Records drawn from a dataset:
(* Let $R$ be a semisimple commutative ring, $M$ an $R$-module and $C$ an $R$-linear relation on $M$. The following are equivalent: (1) there exists a reduction $(X\mid\rho)$ of $(M,C)$ that meets in the radical; (2) $C^\sharp=C^\flat\oplus Y$ for some $R$-submodule $Y$ carrying an $R[T,T^{-1}]$-module structure (extending its $R$-module structure) such that, for $y,z\in Y$, $Ty=z$ if and only if $z\in Cy$.
   Context: An $R$-linear relation on $M$ is an $R$-submodule $C\subseteq M\oplus M$; $Cm=\{m':(m,m')\in C\}$, $C^{-1}=\{(y,x):(x,y)\in C\}$. $C''$ is the set of $m\in M$ for which there is $(m_n)_{n\in\mathbb{N}}$ in $M$ with $m_0=m$ and $m_{n+1}\in Cm_n$ for all $n$; $C'$ is the set of those $m$ for which such a sequence exists with $m_n=0$ for $n\gg0$; $C^\sharp=C''\cap(C^{-1})''$; $C^\flat=C''\cap(C^{-1})'+(C^{-1})''\cap C'$. A reduction of $(M,C)$ is a pair $(X\mid\rho)$ with $X$ an $R[T,T^{-1}]$-module and $\rho\colon X\to M$ $R$-linear such that $C^\sharp=C^\flat+\mathrm{im}(\rho)$ and $\rho(Tx)\in C\rho(x)$ for all $x\in X$; it meets in the radical if $\{x\in X:\rho(x)\in C^\flat\}=\mathrm{rad}(X)$, the radical of $X$ as an $R$-module. *)

theory Defs
  imports Complex_Main
begin

text \<open>R is semisimple: R is a semisimple module over itself, i.e. every
submodule (= ideal) of R is a direct summand of R.\<close>
definition semisimple_ring :: "'r::comm_ring_1 itself \<Rightarrow> bool" where
  "semisimple_ring TYPE('r) \<longleftrightarrow>
     (\<forall>I::'r set. module.subspace (*) I \<longrightarrow>
        (\<exists>J. module.subspace (*) J \<and> I \<inter> J = {0} \<and> (\<forall>r. \<exists>a\<in>I. \<exists>b\<in>J. r = a + b)))"

definition module_on :: "('r::comm_ring_1 \<Rightarrow> 'x::ab_group_add \<Rightarrow> 'x) \<Rightarrow> 'x set \<Rightarrow> bool" where
  "module_on sc X \<longleftrightarrow>
     0 \<in> X \<and> (\<forall>x\<in>X. \<forall>y\<in>X. x + y \<in> X) \<and> (\<forall>x\<in>X. - x \<in> X) \<and> (\<forall>c. \<forall>x\<in>X. sc c x \<in> X) \<and>
     (\<forall>a. \<forall>x\<in>X. \<forall>y\<in>X. sc a (x + y) = sc a x + sc a y) \<and>
     (\<forall>a b. \<forall>x\<in>X. sc (a + b) x = sc a x + sc b x) \<and>
     (\<forall>a b. \<forall>x\<in>X. sc a (sc b x) = sc (a * b) x) \<and>
     (\<forall>x\<in>X. sc 1 x = x)"

definition submodule_on :: "('r::comm_ring_1 \<Rightarrow> 'x::ab_group_add \<Rightarrow> 'x) \<Rightarrow> 'x set \<Rightarrow> 'x set \<Rightarrow> bool" where
  "submodule_on sc X N \<longleftrightarrow>
     N \<subseteq> X \<and> 0 \<in> N \<and> (\<forall>x\<in>N. \<forall>y\<in>N. x + y \<in> N) \<and> (\<forall>c. \<forall>x\<in>N. sc c x \<in> N)"

definition maximal_submodule_on :: "('r::comm_ring_1 \<Rightarrow> 'x::ab_group_add \<Rightarrow> 'x) \<Rightarrow> 'x set \<Rightarrow> 'x set \<Rightarrow> bool" where
  "maximal_submodule_on sc X N \<longleftrightarrow>
     submodule_on sc X N \<and> N \<noteq> X \<and>
     (\<forall>N'. submodule_on sc X N' \<and> N \<subseteq> N' \<longrightarrow> N' = N \<or> N' = X)"

text \<open>Radical of X as an R-module: intersection of all maximal submodules
(equal to X if there are none).\<close>
definition module_rad :: "('r::comm_ring_1 \<Rightarrow> 'x::ab_group_add \<Rightarrow> 'x) \<Rightarrow> 'x set \<Rightarrow> 'x set" where
  "module_rad sc X = X \<inter> \<Inter>{N. maximal_submodule_on sc X N}"

definition linear_on :: "('r::comm_ring_1 \<Rightarrow> 'x::ab_group_add \<Rightarrow> 'x) \<Rightarrow> ('r \<Rightarrow> 'm::ab_group_add \<Rightarrow> 'm)
     \<Rightarrow> 'x set \<Rightarrow> ('x \<Rightarrow> 'm) \<Rightarrow> bool" where
  "linear_on scX scM X f \<longleftrightarrow>
     (\<forall>x\<in>X. \<forall>y\<in>X. f (x + y) = f x + f y) \<and> (\<forall>c. \<forall>x\<in>X. f (scX c x) = scM c (f x))"

text \<open>An R[T,T^-1]-module structure on the R-module X (extending its R-module
structure): an R-linear automorphism T of X.\<close>
definition laurent_structure_on :: "('r::comm_ring_1 \<Rightarrow> 'x::ab_group_add \<Rightarrow> 'x) \<Rightarrow> 'x set \<Rightarrow> ('x \<Rightarrow> 'x) \<Rightarrow> bool" where
  "laurent_structure_on sc X T \<longleftrightarrow> linear_on sc sc X T \<and> bij_betw T X X"

definition linear_relation :: "('r::comm_ring_1 \<Rightarrow> 'm::ab_group_add \<Rightarrow> 'm) \<Rightarrow> ('m \<times> 'm) set \<Rightarrow> bool" where
  "linear_relation sc C \<longleftrightarrow>
     (0, 0) \<in> C \<and> (\<forall>p\<in>C. \<forall>q\<in>C. (fst p + fst q, snd p + snd q) \<in> C) \<and>
     (\<forall>c. \<forall>p\<in>C. (sc c (fst p), sc c (snd p)) \<in> C)"

definition rel_app :: "('m \<times> 'm) set \<Rightarrow> 'm \<Rightarrow> 'm set" where
  "rel_app C m = {m'. (m, m') \<in> C}"

definition rel_inv :: "('m \<times> 'm) set \<Rightarrow> ('m \<times> 'm) set" where
  "rel_inv C = {(y, x). (x, y) \<in> C}"

text \<open>C'' (infinite chains) and C' (chains eventually zero).\<close>
definition rel_dd :: "('m \<times> 'm) set \<Rightarrow> 'm set" where
  "rel_dd C = {m. \<exists>f::nat \<Rightarrow> 'm. f 0 = m \<and> (\<forall>n. f (Suc n) \<in> rel_app C (f n))}"

definition rel_d :: "('m::zero \<times> 'm) set \<Rightarrow> 'm set" where
  "rel_d C = {m. \<exists>f::nat \<Rightarrow> 'm. f 0 = m \<and> (\<forall>n. f (Suc n) \<in> rel_app C (f n)) \<and>
                     (\<exists>N. \<forall>n\<ge>N. f n = 0)}"

definition rel_sharp :: "('m \<times> 'm) set \<Rightarrow> 'm set" where
  "rel_sharp C = rel_dd C \<inter> rel_dd (rel_inv C)"

definition set_plus :: "'m::plus set \<Rightarrow> 'm set \<Rightarrow> 'm set" where
  "set_plus A B = {a + b | a b. a \<in> A \<and> b \<in> B}"

definition rel_flat :: "('m::monoid_add \<times> 'm) set \<Rightarrow> 'm set" where
  "rel_flat C = set_plus (rel_dd C \<inter> rel_d (rel_inv C)) (rel_dd (rel_inv C) \<inter> rel_d C)"

definition is_reduction ::
  "('r::comm_ring_1 \<Rightarrow> 'm::ab_group_add \<Rightarrow> 'm) \<Rightarrow> ('m \<times> 'm) set \<Rightarrow>
   ('r \<Rightarrow> 'x::ab_group_add \<Rightarrow> 'x) \<Rightarrow> 'x set \<Rightarrow> ('x \<Rightarrow> 'x) \<Rightarrow> ('x \<Rightarrow> 'm) \<Rightarrow> bool" where
  "is_reduction scM C scX X TX \<rho> \<longleftrightarrow>
     module_on scX X \<and> laurent_structure_on scX X TX \<and> linear_on scX scM X \<rho> \<and>
     rel_sharp C = set_plus (rel_flat C) (\<rho> ` X) \<and>
     (\<forall>x\<in>X. \<rho> (TX x) \<in> rel_app C (\<rho> x))"

definition meets_in_radical ::
  "('m::ab_group_add \<times> 'm) set \<Rightarrow> ('r::comm_ring_1 \<Rightarrow> 'x::ab_group_add \<Rightarrow> 'x) \<Rightarrow> 'x set \<Rightarrow> ('x \<Rightarrow> 'm) \<Rightarrow> bool" where
  "meets_in_radical C scX X \<rho> \<longleftrightarrow> {x\<in>X. \<rho> x \<in> rel_flat C} = module_rad scX X"

end

theory Submission
  imports Defs
begin

text \<open>Over a semisimple commutative ring every element r has a quasi-inverse s with r s r = r
(split 1 along a complement of the ideal R r), and this forces the radical of every module to
vanish: a submodule maximal among those avoiding a given y \<noteq> 0 is already a maximal submodule.
So for a reduction (X | \<rho>) meeting in the radical, \<rho> x \<in> C\<flat> only for x = 0; thus \<rho> is
injective and carries the T-action of X to its image Y, a complement of C\<flat> in C\<sharp>. On Y the
relation C is the graph of T: if y, z \<in> Y and z \<in> C y, then T y - z lies in Y \<inter> C 0, and every
element of C'' \<inter> C 0 lies in C\<flat>, so T y - z \<in> C\<flat> \<inter> Y = 0. Conversely such a complement Y is a
reduction of itself via the inclusion, meeting in the radical because its radical is 0.\<close>

section \<open>Modules over von Neumann regular rings\<close>

definition von_neumann_regular :: "'r::comm_ring_1 itself \<Rightarrow> bool" where
  "von_neumann_regular TYPE('r) \<longleftrightarrow> (\<forall>r::'r. \<exists>s. r * s * r = r)"

lemma module_times: "module ((*) :: 'r::comm_ring_1 \<Rightarrow> 'r \<Rightarrow> 'r)"
  by unfold_locales (auto simp: algebra_simps)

TASK INSTRUCTIONS: Find the string "longrightarrow" in the entries above and return each line that holds it.

FINISHED EXERCISE:
     (\<forall>I::'r set. module.subspace (*) I \<longrightarrow>
     (\<forall>N'. submodule_on sc X N' \<and> N \<subseteq> N' \<longrightarrow> N' = N \<or> N' = X)"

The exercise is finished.